Access to the working chamber is had through a central shafting. In order to hold the air pressure in the working chamber and yet provide for the entrance of men and materials, an air lock is fitted to the upper end of the shafting. This air lock, as shown in Figure 43, consists of a chamber formed with a trapdoor at the top and the bottom. Both doors open downwardly. To enter the caisson, the bottom door of the chamber must first be closed and means are provided for doing this from outside the air lock. The compressed air in the chamber is then let out through a valve, and when the pressure drops almost to normal the upper trapdoor falls open of its own weight, giving access to the chamber. After entering, the upper door is closed while compressed air is admitted into the chamber; the air pressure then serves to hold the upper trapdoor closed. The bottom door, in the meantime, has been kept closed by the air pressure below, which is greater than that above the door. But after sufficient air has been introduced into the chamber to equalize the pressure on both sides of the lower trapdoor, it falls open of its own weight. The occupants of the chamber can then proceed down a ladder to the working chamber. When leaving the caisson, the action of the air lock is reversed. The bottom door is pushed up and held closed for a moment while air is released from the chamber, when the greater pressure beneath will hold the door closed, and after the pressure within the air lock has been lowered practically to normal, the upper door drops of its own weight, permitting the occupants of the chamber to climb out. The same process must be undergone by buckets loaded with sand or earth from the excavation and by empty buckets returning to the working chamber.
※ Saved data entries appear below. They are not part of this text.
(* Let $\Omega$ be either $\mathbb R^n$ or a cube in $\mathbb R^n$. A measurable function $f$ on $\Omega$ belongs to $\mathcal M_{A_1}(\Omega)$ if and only if $M_\Omega f\in\mathcal M_{A_1}(\Omega)$.
   Context: Cubes have sides parallel to the axes. A weight on a cube $Q$ is an a.e. positive function in $L^1(Q)$; a weight on $\mathbb R^n$ is an a.e. positive function in $L^1_{\mathrm{loc}}(\mathbb R^n)$. $M_\Omega f(x)=\sup\{|Q'|^{-1}\int_{Q'}|f|: Q'\subset\Omega \text{ a cube}, x\in Q'\}$. $A_1(\Omega)$ is the class of weights $w$ on $\Omega$ with $M_\Omega w\le Cw$ a.e. on $\Omega$ for some constant $C$. $\mathcal M_{A_1}(\Omega)$ is the set of measurable $g$ on $\Omega$ for which there exists $w\in A_1(\Omega)$ with $|g|\le w$ a.e. on $\Omega$. *)

theory Defs
  imports "HOL-Analysis.Analysis"
begin

definition is_cube :: "'a::euclidean_space set \<Rightarrow> bool" where
  "is_cube Q \<longleftrightarrow> (\<exists>a s. s > 0 \<and> Q = cbox a (a + s *\<^sub>R One))"

definition maxfun :: "'a::euclidean_space set \<Rightarrow> ('a \<Rightarrow> real) \<Rightarrow> 'a \<Rightarrow> ennreal" where
  "maxfun \<Omega> f x = (SUP Q \<in> {Q. is_cube Q \<and> Q \<subseteq> \<Omega> \<and> x \<in> Q}.
      (\<integral>\<^sup>+ y. indicator Q y * ennreal \<bar>f y\<bar> \<partial>lebesgue) / emeasure lebesgue Q)"

text \<open>Weight on \<Omega>: measurable, a.e. positive on \<Omega>, integrable on every compact subset of \<Omega>
  (for a closed cube \<Omega> this is L^1(\<Omega>), for \<Omega> = UNIV it is L^1_loc).\<close>
definition weight_on :: "'a::euclidean_space set \<Rightarrow> ('a \<Rightarrow> real) \<Rightarrow> bool" where
  "weight_on \<Omega> w \<longleftrightarrow> w \<in> borel_measurable (lebesgue_on \<Omega>)
     \<and> (AE x in lebesgue. x \<in> \<Omega> \<longrightarrow> w x > 0)
     \<and> (\<forall>K. compact K \<and> K \<subseteq> \<Omega> \<longrightarrow> set_integrable lebesgue K w)"

definition A1 :: "'a::euclidean_space set \<Rightarrow> ('a \<Rightarrow> real) \<Rightarrow> bool" where
  "A1 \<Omega> w \<longleftrightarrow> weight_on \<Omega> w \<and>
     (\<exists>C::real. AE x in lebesgue. x \<in> \<Omega> \<longrightarrow> maxfun \<Omega> w x \<le> ennreal (C * w x))"

definition M_A1 :: "'a::euclidean_space set \<Rightarrow> ('a \<Rightarrow> real) \<Rightarrow> bool" where
  "M_A1 \<Omega> g \<longleftrightarrow> g \<in> borel_measurable (lebesgue_on \<Omega>) \<and>
     (\<exists>w. A1 \<Omega> w \<and> (AE x in lebesgue. x \<in> \<Omega> \<longrightarrow> \<bar>g x\<bar> \<le> w x))"

text \<open>The same class for [0,\<infinity>]-valued functions (such as maximal functions).\<close>
definition M_A1_enn :: "'a::euclidean_space set \<Rightarrow> ('a \<Rightarrow> ennreal) \<Rightarrow> bool" where
  "M_A1_enn \<Omega> g \<longleftrightarrow> g \<in> borel_measurable (lebesgue_on \<Omega>) \<and>
     (\<exists>w. A1 \<Omega> w \<and> (AE x in lebesgue. x \<in> \<Omega> \<longrightarrow> g x \<le> ennreal (w x)))"

end

theory Submission
  imports Defs
begin

text \<open>
  If \<open>|f| \<le> w\<close> with \<open>w \<in> A\<^sub>1\<close>, then \<open>M f \<le> M w \<le> C w\<close>, and \<open>C w\<close> is again an
  \<open>A\<^sub>1\<close> weight. Conversely, if \<open>M f \<le> w\<close> with \<open>w \<in> A\<^sub>1\<close>, then \<open>M f\<close> is finite a.e., so
  every cube in \<open>\<Omega>\<close> contains a point bounding the average of \<open>|f|\<close> over it; hence \<open>f\<close> is
  locally integrable, \<open>w + |f|\<close> is a weight, and
  \<open>M (w + |f|) \<le> M w + M f \<le> (C + 1) w\<close> puts it in \<open>A\<^sub>1\<close>.
  Measurability of \<open>M f\<close> comes from lower semicontinuity relative to \<open>\<Omega>\<close>: a cube
  \<open>Q \<subseteq> \<Omega>\<close> with large average can be enlarged inside \<open>\<Omega>\<close> to a cube that still has large
  average and contains a relative neighbourhood of \<open>Q\<close>.
\<close>

lemma emeasure_lebesgue_cube:
  fixes a :: "'a::euclidean_space"
  assumes "0 \<le> s"
  shows "emeasure lebesgue (cbox a (a + s *\<^sub>R One)) = ennreal (s ^ DIM('a))"
  using assms by (simp add: emeasure_completion emeasure_lborel_cbox_eq inner_simps)

lemma is_cube_closed: "is_cube Q \<Longrightarrow> closed Q"
  by (auto simp: is_cube_def)

lemma is_cube_sets_lebesgue: "is_cube Q \<Longrightarrow> Q \<in> sets lebesgue"
  by (simp add: borel_closed is_cube_closed)

lemma is_cube_emeasure_pos_finite:
  fixes Q :: "'a::euclidean_space set"
  assumes "is_cube Q"
  shows "0 < emeasure lebesgue Q" "emeasure lebesgue Q < top"
proof -
  obtain a s where "0 < s" "Q = cbox a (a + s *\<^sub>R One)"
    using assms unfolding is_cube_def by blast
  then have "emeasure lebesgue Q = ennreal (s ^ DIM('a))"
    by (simp only: emeasure_lebesgue_cube less_imp_le)
  with \<open>0 < s\<close> show "0 < emeasure lebesgue Q" "emeasure lebesgue Q < top"
    by simp_all
qed

lemma compact_subset_cube:
  fixes K :: "'a::euclidean_space set"
  assumes "compact K"
  obtains Q where "is_cube Q" "K \<subseteq> Q"
proof -
  obtain R where R: "0 < R" "\<And>x. x \<in> K \<Longrightarrow> norm x \<le> R"
    using compact_imp_bounded[OF assms] by (auto simp: bounded_pos)
  have "is_cube (cbox (- R *\<^sub>R One) (- R *\<^sub>R One + (2 * R) *\<^sub>R One))"
    using R(1) unfolding is_cube_def by (intro exI[of _ "- R *\<^sub>R One"] exI[of _ "2 * R"]) auto
  moreover have "K \<subseteq> cbox (- R *\<^sub>R One) (- R *\<^sub>R One + (2 * R) *\<^sub>R One)"
  proof
    fix y assume "y \<in> K"
    then have "\<bar>y \<bullet> i\<bar> \<le> R" if "i \<in> Basis" for i
      using R(2) Basis_le_norm[OF that] order_trans by blast
    then show "y \<in> cbox (- R *\<^sub>R One) (- R *\<^sub>R One + (2 * R) *\<^sub>R One)"
      by (auto simp: mem_box inner_simps abs_le_iff minus_le_iff)
  qed
  ultimately show thesis by (rule that)
qed

lemma borel_measurable_indicator_abs:
  fixes g :: "'a::euclidean_space \<Rightarrow> real"
  assumes "g \<in> borel_measurable (lebesgue_on Q)" "Q \<in> sets lebesgue"
  shows "(\<lambda>y. indicator Q y * ennreal \<bar>g y\<bar>) \<in> borel_measurable lebesgue"
proof -
  have "(\<lambda>y. if y \<in> Q then g y else 0) \<in> borel_measurable lebesgue"
    using assms by (rule borel_measurable_if_I)
  then have "(\<lambda>y. ennreal \<bar>if y \<in> Q then g y else 0\<bar>) \<in> borel_measurable lebesgue"
    by measurable
  then show ?thesis
    by (rule measurable_cong[THEN iffD1, rotated]) (simp add: indicator_def)
qed

section \<open>Averages and the maximal function\<close>

definition avg_abs :: "('a::euclidean_space \<Rightarrow> real) \<Rightarrow> 'a set \<Rightarrow> ennreal" where
  "avg_abs g Q = (\<integral>\<^sup>+ y. indicator Q y * ennreal \<bar>g y\<bar> \<partial>lebesgue) / emeasure lebesgue Q"

lemma avg_abs_abs [simp]: "avg_abs (\<lambda>y. \<bar>g y\<bar>) = avg_abs g"
  by (simp add: avg_abs_def fun_eq_iff)

lemma avg_abs_mono:
  assumes "AE y in lebesgue. y \<in> Q \<longrightarrow> \<bar>f y\<bar> \<le> \<bar>g y\<bar>"
  shows "avg_abs f Q \<le> avg_abs g Q"
  unfolding avg_abs_def
proof (rule divide_right_mono_ennreal, rule nn_integral_mono_AE)
  show "AE y in lebesgue. indicator Q y * ennreal \<bar>f y\<bar> \<le> indicator Q y * ennreal \<bar>g y\<bar>"
    using assms by eventually_elim (auto simp: indicator_def ennreal_leI)
qed

lemma avg_abs_add_le:
  assumes "g \<in> borel_measurable (lebesgue_on Q)" "h \<in> borel_measurable (lebesgue_on Q)"
    and "Q \<in> sets lebesgue"
  shows "avg_abs (\<lambda>y. g y + h y) Q \<le> avg_abs g Q + avg_abs h Q"
proof -
  have "(\<integral>\<^sup>+ y. indicator Q y * ennreal \<bar>g y + h y\<bar> \<partial>lebesgue)
      \<le> (\<integral>\<^sup>+ y. indicator Q y * ennreal \<bar>g y\<bar> + indicator Q y * ennreal \<bar>h y\<bar> \<partial>lebesgue)"
  proof (rule nn_integral_mono)
    fix y
    have "ennreal \<bar>g y + h y\<bar> \<le> ennreal (\<bar>g y\<bar> + \<bar>h y\<bar>)"
      by (intro ennreal_leI abs_triangle_ineq)
    then show "indicator Q y * ennreal \<bar>g y + h y\<bar>
        \<le> indicator Q y * ennreal \<bar>g y\<bar> + indicator Q y * ennreal \<bar>h y\<bar>"
      by (simp add: indicator_def ennreal_plus)
  qed
  also have "\<dots> = (\<integral>\<^sup>+ y. indicator Q y * ennreal \<bar>g y\<bar> \<partial>lebesgue)
      + (\<integral>\<^sup>+ y. indicator Q y * ennreal \<bar>h y\<bar> \<partial>lebesgue)"
    using assms by (intro nn_integral_add borel_measurable_indicator_abs) auto
  finally show ?thesis
    unfolding avg_abs_def add_divide_distrib_ennreal[symmetric] by (rule divide_right_mono_ennreal)
qed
More time is required for a man to pass through an air lock than for a load of sand or any inanimate load. In some of the larger caissons a separate small air lock is provided just for the use of the workmen. In the air lock the pressure must be built up slowly so that it will permeate a man’s whole system. When we realize that the pressure that men have to support in caisson work may amount to from fifty to one hundred tons on the whole body, it is difficult at first to understand why the body is not flattened out like a pancake. It is only by permitting the system to absorb the pressure so that there is as much internal pressure as that outside that a man is able to enter a compressed air chamber without harmful results.